-- DATA TO EXAMINE follows --

lemma (in dense_barrier) independent_set_or_two_odd_components:
  assumes \<gamma>: "\<gamma> \<le> 1/6" and n: "37 \<le> card V" "2 \<le> \<gamma> * card V"
  shows "(\<exists>S. gamma_independent V E (2 * \<gamma>) S \<and> real (card S) \<ge> real (card V) / 2)
    \<or> (\<exists>C1 C2. components V E = {C1, C2} \<and> C1 \<noteq> C2 \<and> odd (card C1) \<and> odd (card C2) \<and>
         (\<forall>C \<in> {C1, C2}. real (card C) \<le> (1 - \<gamma>) / 2 * real (card V) \<longrightarrow> clique E C))"
proof (cases "S = {}")
  case True
  have "\<gamma> \<le> 1/3" using \<gamma> by simp
  then obtain C1 C2 where P: "P = {C1, C2}" "C1 \<noteq> C2" "odd (card C1)" "odd (card C2)"
    using two_odd_parts[OF True] by blast
  moreover have "components V E = P" by (rule components_two_parts[OF True \<open>\<gamma> \<le> 1/3\<close> P(1,2)])
  moreover have "clique E C" if "C \<in> P" "real (card C) \<le> (1 - \<gamma>) / 2 * real (card V)" for C
    using small_part_clique[OF True that] .
  ultimately have "components V E = {C1, C2} \<and> C1 \<noteq> C2 \<and> odd (card C1) \<and> odd (card C2) \<and>
    (\<forall>C \<in> {C1, C2}. real (card C) \<le> (1 - \<gamma>) / 2 * real (card V) \<longrightarrow> clique E C)" by auto
  then show ?thesis by blast
next
  case False
  with sparse_outside_barrier[OF False \<gamma> n] show ?thesis by auto
qed
(* Let $\kappa\ge\nu\ge\omega$ be cardinals with $\nu$ regular, and let $n\ge1$ and $k\ge1$ be natural numbers. If $\mathcal A$ is a $(k+1,\nu)$-almost disjoint family of finite subsets of $\kappa^{+(n-1)}$ such that $|A|>n\cdot k$ for every $A\in\mathcal A$, then $\chi_{\rm CF}(\mathcal A)\le\kappa$.
   Context: A family $\mathcal A$ is $(\mu,\nu)$-almost disjoint if $|\bigcap\mathcal B|<\mu$ for every $\mathcal B\subseteq\mathcal A$ with $|\mathcal B|=\nu$. For a family $\mathcal A$ and cardinal $\rho$, $f:\bigcup\mathcal A\to\rho$ is a conflict free coloring of $\mathcal A$ if for every $A\in\mathcal A$ there is $\zeta<\rho$ with $|A\cap f^{-1}\{\zeta\}|=1$; $\chi_{\rm CF}(\mathcal A)$ is the least such $\rho$. $\kappa^{+(n-1)}$ is the $(n-1)$-th successor of $\kappa$ ($\kappa^{+0}=\kappa$). *)

theory Defs
  imports Main
begin

unbundle cardinal_syntax

text \<open>Cardinals are represented by sets via the library's cardinal order relations
  (card_of, ordLeq, ordIso, cardSuc, regularCard from BNF_Cardinal_Order_Relation).\<close>

definition succ_pow :: "'b set \<Rightarrow> nat \<Rightarrow> 'a set \<Rightarrow> bool" where
  "succ_pow K m X \<equiv> \<exists>S :: nat \<Rightarrow> 'a set.
      card_of (S 0) =o card_of K \<and> (\<forall>i<m. card_of (S (Suc i)) =o cardSuc (card_of (S i))) \<and> S m = X"

definition almost_disjoint :: "nat \<Rightarrow> 'b set \<Rightarrow> 'a set set \<Rightarrow> bool" where
  "almost_disjoint mu N \<A> \<equiv>
     \<forall>\<B>. \<B> \<subseteq> \<A> \<and> |\<B>| =o |N| \<longrightarrow> finite (\<Inter>\<B>) \<and> card (\<Inter>\<B>) < mu"

definition cf_coloring :: "'a set set \<Rightarrow> 'c set \<Rightarrow> ('a \<Rightarrow> 'c) \<Rightarrow> bool" where
  "cf_coloring \<A> C f \<equiv> (\<forall>x\<in>\<Union>\<A>. f x \<in> C) \<and>
     (\<forall>A\<in>\<A>. \<exists>z\<in>C. card {x\<in>A. f x = z} = 1)"

definition chi_CF_le :: "'a set set \<Rightarrow> 'b set \<Rightarrow> bool" where
  "chi_CF_le \<A> K \<equiv> \<exists>(C::'b set) f. |C| \<le>o |K| \<and> cf_coloring \<A> C f"

end

theory Submission
  imports Defs
begin

text \<open>
  Call a member of the family heavy for a set U if it meets U in at least k+1 points. By almost
  disjointness fewer than \<nu> members contain a given (k+1)-set, so the members heavy for U cover
  a set of size at most max(|U|, \<nu>), and of size below \<kappa> if |U| is.

  The colouring is built by well-founded recursion along an order R in which every member with
  more than t points in the ground set has a peak, its R-largest point. If every fibre (the points
  of the members with peak x) has fewer than \<kappa> elements, each x gets a colour in \<kappa>
  different from those of its fibre, and then the peak of a member is its only point of that
  colour. For a set of size \<kappa> and t = k take its cardinal well-order: the fibre of x lies in
  the heavy cover of the initial segment up to x. Passing from \<lambda> to \<lambda>^+ raises t by k:
  cover a set Y of size \<lambda>^+ by the increasing chain of heavy-closed stages of size \<lambda>
  generated by its initial segments, rank each point by the first stage containing it, and order
  Y by rank and within each rank layer by an order for sets of size \<lambda>. A member with more
  than t + k points in Y has at most k of them below its top layer, since otherwise it would be
  heavy for an earlier stage and hence lie in it.
\<close>

lemma card_of_finite_ordLess_infinite: "finite A \<Longrightarrow> infinite B \<Longrightarrow> |A| <o |B|"
  using finite_ordLess_infinite[of "|A|" "|B|"] card_of_Well_order Field_card_of by metis

definition subsets_of_card :: "nat \<Rightarrow> 'a set \<Rightarrow> 'a set set" where
  "subsets_of_card j V = {s. s \<subseteq> V \<and> finite s \<and> card s = j}"

lemma card_of_subsets_of_card_ordLeq:
  assumes "infinite V"
  shows "|subsets_of_card j V| \<le>o |V|"
proof (induction j)
  case 0
  have "subsets_of_card 0 V = {{}}" by (auto simp: subsets_of_card_def)
  then show ?case
    using ordLess_imp_ordLeq[OF card_of_finite_ordLess_infinite[of "{{}}" V]] assms by simp
next
  case (Suc j)
  have "subsets_of_card (Suc j) V \<subseteq> (\<lambda>(x, s). insert x s) ` (V \<times> subsets_of_card j V)"
  proof
    fix s assume "s \<in> subsets_of_card (Suc j) V"
    then have s: "s \<subseteq> V" "finite s" "card s = Suc j" by (auto simp: subsets_of_card_def)
    then obtain x where "x \<in> s" by fastforce
    with s show "s \<in> (\<lambda>(x, s). insert x s) ` (V \<times> subsets_of_card j V)"
      by (intro image_eqI[of _ _ "(x, s - {x})"]) (auto simp: subsets_of_card_def)
  qed
  moreover have "|V \<times> subsets_of_card j V| \<le>o |V|"
    using card_of_Sigma_ordLeq_infinite[OF assms, of V "\<lambda>_. subsets_of_card j V"] Suc
      ordLeq_refl card_of_Card_order by blast
  ultimately show ?case
    by (meson card_of_mono1 card_of_image ordLeq_transitive)
qed

lemma card_of_subsets_of_card_ordLess:
  assumes "infinite K" and "|V| <o |K|"
  shows "|subsets_of_card j V| <o |K|"
proof (cases "finite V")
  case True
  then have "finite (subsets_of_card j V)"
    by (rule rev_finite_subset[OF finite_Pow_iff[THEN iffD2]]) (auto simp: subsets_of_card_def)
  then show ?thesis using card_of_finite_ordLess_infinite assms(1) by blast
next
  case False
  then show ?thesis
    using card_of_subsets_of_card_ordLeq assms(2) ordLeq_ordLess_trans by blast
qed

lemma wo_rel_card_of: "wo_rel |A|"
  unfolding wo_rel_def by (rule card_of_Well_order)

lemma card_of_under_ordLess:
  assumes "|A| \<le>o |K|" and "infinite K"
  shows "|under |A| a| <o |K|"
proof (cases "a \<in> A")
  case True
  have "|underS |A| a| <o |A|"
    using card_of_underS[OF card_of_Card_order, of a A] True by (simp add: Field_card_of)
  then have "|underS |A| a| <o |K|" using assms(1) by (rule ordLess_ordLeq_trans)
  then have "|underS |A| a \<union> {a}| <o |K|"
    using card_of_Un_ordLess_infinite[OF assms(2)]
      card_of_finite_ordLess_infinite[OF _ assms(2), of "{a}"] by blast
  moreover have "under |A| a \<subseteq> underS |A| a \<union> {a}" unfolding under_def underS_def by blast
  ultimately show ?thesis using ordLeq_ordLess_trans[OF card_of_mono1] by blast
next
  case False
  then have "under |A| a = {}" using FieldI2[of _ a "|A|"] by (auto simp: under_def Field_card_of)
  then show ?thesis using card_of_finite_ordLess_infinite[OF finite.emptyI assms(2)] by simp
qed

lemma (in wo_rel) finite_has_max:
  assumes "finite F" "F \<noteq> {}" "F \<subseteq> Field r"
  shows "\<exists>m\<in>F. \<forall>y\<in>F. (y, m) \<in> r"
  using assms
proof (induction F rule: finite_ne_induct)
  case (singleton x)
  then show ?case using REFL by (simp add: refl_on_def)
next
  case (insert x F)
  then obtain m where m: "m \<in> F" "\<forall>y\<in>F. (y, m) \<in> r" by auto
  have "(x, m) \<in> r \<or> (m, x) \<in> r" using TOTALS insert.prems m(1) by blast
  then show ?case
  proof
    assume "(m, x) \<in> r"
    with m have "\<forall>y\<in>F. (y, x) \<in> r" using TRANS unfolding trans_def by blast
    moreover have "(x, x) \<in> r" using REFL insert.prems by (simp add: refl_on_def)
    ultimately show ?case by blast
  qed (use m in blast)
qed

lemma finite_subset_UN_mono:
  fixes G :: "nat \<Rightarrow> 'a set"
  assumes "mono G" "finite s" "s \<subseteq> (\<Union>j. G j)"
  shows "\<exists>j. s \<subseteq> G j"
  using assms(2,3)
proof (induction s rule: finite_induct)
  case (insert x s)
  then obtain i j where "x \<in> G i" "s \<subseteq> G j" by blast
  moreover have "G i \<subseteq> G (max i j)" "G j \<subseteq> G (max i j)"
    using \<open>mono G\<close> by (auto simp: mono_def)
  ultimately show ?case by blast
qed simp

lemma wf_colouring_avoiding_predecessors:
  fixes V :: "'a \<Rightarrow> 'a set" and K :: "'b set"
  assumes "wf R"
    and V_below: "\<And>x y. y \<in> V x \<Longrightarrow> y \<noteq> x \<Longrightarrow> (y, x) \<in> R"
    and V_small: "\<And>x. |V x| <o |K|"
  shows "\<exists>f. \<forall>x. f x \<in> K \<and> f x \<notin> f ` (V x - {x})"
proof -
  define pick where "pick g x = (SOME c. c \<in> K \<and> c \<notin> g ` (V x - {x}))"
    for g :: "'a \<Rightarrow> 'b" and x
  define f where "f = wfrec R pick"
  have "f x \<in> K \<and> f x \<notin> f ` (V x - {x})" for x
  proof -
    have "cut f R x ` (V x - {x}) = f ` (V x - {x})"
      using V_below by (intro image_cong refl cut_apply) blast
    moreover have "f x = pick (cut f R x) x" unfolding f_def by (rule wfrec[OF \<open>wf R\<close>])
    ultimately have f_x: "f x = (SOME c. c \<in> K \<and> c \<notin> f ` (V x - {x}))"
      unfolding pick_def by simp
    have "\<not> K \<subseteq> f ` (V x - {x})"
    proof
      assume "K \<subseteq> f ` (V x - {x})"
      then have "|K| \<le>o |f ` (V x - {x})|" by (rule card_of_mono1)
      moreover have "|f ` (V x - {x})| \<le>o |V x|"
        using card_of_image card_of_mono1[of "V x - {x}" "V x"] ordLeq_transitive by blast
      ultimately have "|K| \<le>o |V x|" by (rule ordLeq_transitive)
      then show False using V_small not_ordLess_ordLeq by blast
    qed
    then have "\<exists>c. c \<in> K \<and> c \<notin> f ` (V x - {x})" by blast
    then show ?thesis unfolding f_x by (rule someI_ex)
  qed
  then show ?thesis by blast
qed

-- DATA TO EXAMINE concluded --

> _WHAT THE TASK REQUIRES_: Which lines of the records above hold the word "that"? Copy each one out.

> _EXERCISE RESULT_:
    using small_part_clique[OF True that] .
(* Let $\kappa\ge\nu\ge\omega$ be cardinals with $\nu$ regular, and let $n\ge1$ and $k\ge1$ be natural numbers. If $\mathcal A$ is a $(k+1,\nu)$-almost disjoint family of finite subsets of $\kappa^{+(n-1)}$ such that $|A|>n\cdot k$ for every $A\in\mathcal A$, then $\chi_{\rm CF}(\mathcal A)\le\kappa$.
  different from those of its fibre, and then the peak of a member is its only point of that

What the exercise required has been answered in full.